§ TO DO
Repeat the entries word for word. Leave nothing out.

*** Opening SOURCE RECORDS ***

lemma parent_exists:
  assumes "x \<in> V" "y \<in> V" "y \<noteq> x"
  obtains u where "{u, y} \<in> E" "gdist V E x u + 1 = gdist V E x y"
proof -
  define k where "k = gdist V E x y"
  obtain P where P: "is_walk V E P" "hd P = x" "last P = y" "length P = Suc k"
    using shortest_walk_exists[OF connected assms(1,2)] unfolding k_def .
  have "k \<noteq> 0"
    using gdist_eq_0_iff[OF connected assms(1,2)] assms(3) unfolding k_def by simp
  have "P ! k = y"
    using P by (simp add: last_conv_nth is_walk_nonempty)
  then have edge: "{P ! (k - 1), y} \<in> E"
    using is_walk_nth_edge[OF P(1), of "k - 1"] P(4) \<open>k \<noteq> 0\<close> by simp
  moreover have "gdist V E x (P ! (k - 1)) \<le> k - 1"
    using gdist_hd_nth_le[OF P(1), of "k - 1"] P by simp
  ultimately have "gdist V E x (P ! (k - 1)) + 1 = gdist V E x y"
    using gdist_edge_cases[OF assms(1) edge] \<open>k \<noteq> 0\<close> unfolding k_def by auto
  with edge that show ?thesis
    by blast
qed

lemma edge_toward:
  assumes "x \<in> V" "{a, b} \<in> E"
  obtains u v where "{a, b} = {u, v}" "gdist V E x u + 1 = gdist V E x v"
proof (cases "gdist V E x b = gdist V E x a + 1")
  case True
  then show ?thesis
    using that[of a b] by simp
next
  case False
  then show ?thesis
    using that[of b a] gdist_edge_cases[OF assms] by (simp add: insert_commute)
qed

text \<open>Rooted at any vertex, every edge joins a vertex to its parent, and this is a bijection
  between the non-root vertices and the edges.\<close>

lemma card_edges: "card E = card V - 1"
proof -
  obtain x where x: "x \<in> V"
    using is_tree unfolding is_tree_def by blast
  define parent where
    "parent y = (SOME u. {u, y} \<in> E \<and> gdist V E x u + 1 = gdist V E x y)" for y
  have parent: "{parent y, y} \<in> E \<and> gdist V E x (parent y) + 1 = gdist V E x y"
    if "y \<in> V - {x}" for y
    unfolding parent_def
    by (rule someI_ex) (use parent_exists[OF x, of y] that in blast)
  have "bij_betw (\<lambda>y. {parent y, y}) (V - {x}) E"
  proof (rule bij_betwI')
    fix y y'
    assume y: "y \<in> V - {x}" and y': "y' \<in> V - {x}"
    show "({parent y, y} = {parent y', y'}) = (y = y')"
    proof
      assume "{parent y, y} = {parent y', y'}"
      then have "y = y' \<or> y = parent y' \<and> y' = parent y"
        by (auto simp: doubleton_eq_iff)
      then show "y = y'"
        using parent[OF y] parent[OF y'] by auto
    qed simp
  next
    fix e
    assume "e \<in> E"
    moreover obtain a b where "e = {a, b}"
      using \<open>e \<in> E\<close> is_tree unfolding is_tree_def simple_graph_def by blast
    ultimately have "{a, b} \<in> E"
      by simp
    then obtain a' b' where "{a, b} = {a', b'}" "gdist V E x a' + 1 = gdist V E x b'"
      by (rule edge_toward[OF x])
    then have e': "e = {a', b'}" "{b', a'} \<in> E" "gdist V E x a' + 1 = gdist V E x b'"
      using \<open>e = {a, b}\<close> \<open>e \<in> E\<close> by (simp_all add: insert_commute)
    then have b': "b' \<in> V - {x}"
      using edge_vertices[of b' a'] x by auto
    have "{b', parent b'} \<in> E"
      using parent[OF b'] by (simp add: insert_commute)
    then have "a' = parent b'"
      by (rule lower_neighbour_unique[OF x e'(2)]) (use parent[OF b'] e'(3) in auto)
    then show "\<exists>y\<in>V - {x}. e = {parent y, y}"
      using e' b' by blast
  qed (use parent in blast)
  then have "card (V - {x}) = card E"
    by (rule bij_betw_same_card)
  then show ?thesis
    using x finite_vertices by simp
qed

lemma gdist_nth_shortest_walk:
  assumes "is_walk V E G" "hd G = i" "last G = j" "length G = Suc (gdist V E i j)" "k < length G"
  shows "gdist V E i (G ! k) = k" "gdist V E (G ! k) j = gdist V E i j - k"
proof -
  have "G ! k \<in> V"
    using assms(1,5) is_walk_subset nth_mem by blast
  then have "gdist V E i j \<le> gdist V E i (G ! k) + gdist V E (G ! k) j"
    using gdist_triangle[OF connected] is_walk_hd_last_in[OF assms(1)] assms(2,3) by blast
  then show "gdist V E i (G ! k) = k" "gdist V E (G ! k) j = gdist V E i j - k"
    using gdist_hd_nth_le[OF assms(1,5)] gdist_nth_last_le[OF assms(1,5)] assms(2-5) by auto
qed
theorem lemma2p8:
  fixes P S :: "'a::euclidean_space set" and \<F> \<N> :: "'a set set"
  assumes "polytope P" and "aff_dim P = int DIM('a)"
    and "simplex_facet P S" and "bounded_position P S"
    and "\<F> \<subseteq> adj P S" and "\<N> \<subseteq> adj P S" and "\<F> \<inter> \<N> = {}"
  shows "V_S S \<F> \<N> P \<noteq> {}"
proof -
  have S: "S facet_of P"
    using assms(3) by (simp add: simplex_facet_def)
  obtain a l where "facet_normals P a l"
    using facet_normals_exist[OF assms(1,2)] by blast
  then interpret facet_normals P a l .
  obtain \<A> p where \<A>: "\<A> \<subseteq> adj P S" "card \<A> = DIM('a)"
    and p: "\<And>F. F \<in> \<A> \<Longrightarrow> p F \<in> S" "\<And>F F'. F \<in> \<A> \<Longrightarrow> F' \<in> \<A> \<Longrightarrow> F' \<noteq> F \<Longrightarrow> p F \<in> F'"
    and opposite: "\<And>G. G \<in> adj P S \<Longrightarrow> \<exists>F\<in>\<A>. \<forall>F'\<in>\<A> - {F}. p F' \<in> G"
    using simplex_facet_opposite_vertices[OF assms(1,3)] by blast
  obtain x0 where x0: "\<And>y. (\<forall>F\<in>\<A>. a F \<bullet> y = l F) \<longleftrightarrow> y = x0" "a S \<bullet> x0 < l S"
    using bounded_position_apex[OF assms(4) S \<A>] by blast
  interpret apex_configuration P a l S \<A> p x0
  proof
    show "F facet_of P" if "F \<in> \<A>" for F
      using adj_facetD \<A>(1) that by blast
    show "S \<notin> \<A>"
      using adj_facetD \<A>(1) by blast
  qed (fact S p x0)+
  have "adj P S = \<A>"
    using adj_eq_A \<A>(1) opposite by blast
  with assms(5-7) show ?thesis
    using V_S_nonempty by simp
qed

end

*** Closing SOURCE RECORDS ***

§ PROBLEM SOLUTION
lemma parent_exists:
  assumes "x \<in> V" "y \<in> V" "y \<noteq> x"
  obtains u where "{u, y} \<in> E" "gdist V E x u + 1 = gdist V E x y"
proof -
  define k where "k = gdist V E x y"
  obtain P where P: "is_walk V E P" "hd P = x" "last P = y" "length P = Suc k"
    using shortest_walk_exists[OF connected assms(1,2)] unfolding k_def .
  have "k \<noteq> 0"
    using gdist_eq_0_iff[OF connected assms(1,2)] assms(3) unfolding k_def by simp
  have "P ! k = y"
    using P by (simp add: last_conv_nth is_walk_nonempty)
  then have edge: "{P ! (k - 1), y} \<in> E"
    using is_walk_nth_edge[OF P(1), of "k - 1"] P(4) \<open>k \<noteq> 0\<close> by simp
  moreover have "gdist V E x (P ! (k - 1)) \<le> k - 1"
    using gdist_hd_nth_le[OF P(1), of "k - 1"] P by simp
  ultimately have "gdist V E x (P ! (k - 1)) + 1 = gdist V E x y"
    using gdist_edge_cases[OF assms(1) edge] \<open>k \<noteq> 0\<close> unfolding k_def by auto
  with edge that show ?thesis
    by blast
qed

lemma edge_toward:
  assumes "x \<in> V" "{a, b} \<in> E"
  obtains u v where "{a, b} = {u, v}" "gdist V E x u + 1 = gdist V E x v"
proof (cases "gdist V E x b = gdist V E x a + 1")
  case True
  then show ?thesis
    using that[of a b] by simp
next
  case False
  then show ?thesis
    using that[of b a] gdist_edge_cases[OF assms] by (simp add: insert_commute)
qed

text \<open>Rooted at any vertex, every edge joins a vertex to its parent, and this is a bijection
  between the non-root vertices and the edges.\<close>

lemma card_edges: "card E = card V - 1"
proof -
  obtain x where x: "x \<in> V"
    using is_tree unfolding is_tree_def by blast
  define parent where
    "parent y = (SOME u. {u, y} \<in> E \<and> gdist V E x u + 1 = gdist V E x y)" for y
  have parent: "{parent y, y} \<in> E \<and> gdist V E x (parent y) + 1 = gdist V E x y"
    if "y \<in> V - {x}" for y
    unfolding parent_def
    by (rule someI_ex) (use parent_exists[OF x, of y] that in blast)
  have "bij_betw (\<lambda>y. {parent y, y}) (V - {x}) E"
  proof (rule bij_betwI')
    fix y y'
    assume y: "y \<in> V - {x}" and y': "y' \<in> V - {x}"
    show "({parent y, y} = {parent y', y'}) = (y = y')"
    proof
      assume "{parent y, y} = {parent y', y'}"
      then have "y = y' \<or> y = parent y' \<and> y' = parent y"
        by (auto simp: doubleton_eq_iff)
      then show "y = y'"
        using parent[OF y] parent[OF y'] by auto
    qed simp
  next
    fix e
    assume "e \<in> E"
    moreover obtain a b where "e = {a, b}"
      using \<open>e \<in> E\<close> is_tree unfolding is_tree_def simple_graph_def by blast
    ultimately have "{a, b} \<in> E"
      by simp
    then obtain a' b' where "{a, b} = {a', b'}" "gdist V E x a' + 1 = gdist V E x b'"
      by (rule edge_toward[OF x])
    then have e': "e = {a', b'}" "{b', a'} \<in> E" "gdist V E x a' + 1 = gdist V E x b'"
      using \<open>e = {a, b}\<close> \<open>e \<in> E\<close> by (simp_all add: insert_commute)
    then have b': "b' \<in> V - {x}"
      using edge_vertices[of b' a'] x by auto
    have "{b', parent b'} \<in> E"
      using parent[OF b'] by (simp add: insert_commute)
    then have "a' = parent b'"
      by (rule lower_neighbour_unique[OF x e'(2)]) (use parent[OF b'] e'(3) in auto)
    then show "\<exists>y\<in>V - {x}. e = {parent y, y}"
      using e' b' by blast
  qed (use parent in blast)
  then have "card (V - {x}) = card E"
    by (rule bij_betw_same_card)
  then show ?thesis
    using x finite_vertices by simp
qed

lemma gdist_nth_shortest_walk:
  assumes "is_walk V E G" "hd G = i" "last G = j" "length G = Suc (gdist V E i j)" "k < length G"
  shows "gdist V E i (G ! k) = k" "gdist V E (G ! k) j = gdist V E i j - k"
proof -
  have "G ! k \<in> V"
    using assms(1,5) is_walk_subset nth_mem by blast
  then have "gdist V E i j \<le> gdist V E i (G ! k) + gdist V E (G ! k) j"
    using gdist_triangle[OF connected] is_walk_hd_last_in[OF assms(1)] assms(2,3) by blast
  then show "gdist V E i (G ! k) = k" "gdist V E (G ! k) j = gdist V E i j - k"
    using gdist_hd_nth_le[OF assms(1,5)] gdist_nth_last_le[OF assms(1,5)] assms(2-5) by auto
qed
theorem lemma2p8:
  fixes P S :: "'a::euclidean_space set" and \<F> \<N> :: "'a set set"
  assumes "polytope P" and "aff_dim P = int DIM('a)"
    and "simplex_facet P S" and "bounded_position P S"
    and "\<F> \<subseteq> adj P S" and "\<N> \<subseteq> adj P S" and "\<F> \<inter> \<N> = {}"
  shows "V_S S \<F> \<N> P \<noteq> {}"
proof -
  have S: "S facet_of P"
    using assms(3) by (simp add: simplex_facet_def)
  obtain a l where "facet_normals P a l"
    using facet_normals_exist[OF assms(1,2)] by blast
  then interpret facet_normals P a l .
  obtain \<A> p where \<A>: "\<A> \<subseteq> adj P S" "card \<A> = DIM('a)"
    and p: "\<And>F. F \<in> \<A> \<Longrightarrow> p F \<in> S" "\<And>F F'. F \<in> \<A> \<Longrightarrow> F' \<in> \<A> \<Longrightarrow> F' \<noteq> F \<Longrightarrow> p F \<in> F'"
    and opposite: "\<And>G. G \<in> adj P S \<Longrightarrow> \<exists>F\<in>\<A>. \<forall>F'\<in>\<A> - {F}. p F' \<in> G"
    using simplex_facet_opposite_vertices[OF assms(1,3)] by blast
  obtain x0 where x0: "\<And>y. (\<forall>F\<in>\<A>. a F \<bullet> y = l F) \<longleftrightarrow> y = x0" "a S \<bullet> x0 < l S"
    using bounded_position_apex[OF assms(4) S \<A>] by blast
  interpret apex_configuration P a l S \<A> p x0
  proof
    show "F facet_of P" if "F \<in> \<A>" for F
      using adj_facetD \<A>(1) that by blast
    show "S \<notin> \<A>"
      using adj_facetD \<A>(1) by blast
  qed (fact S p x0)+
  have "adj P S = \<A>"
    using adj_eq_A \<A>(1) opposite by blast
  with assms(5-7) show ?thesis
    using V_S_nonempty by simp
qed

end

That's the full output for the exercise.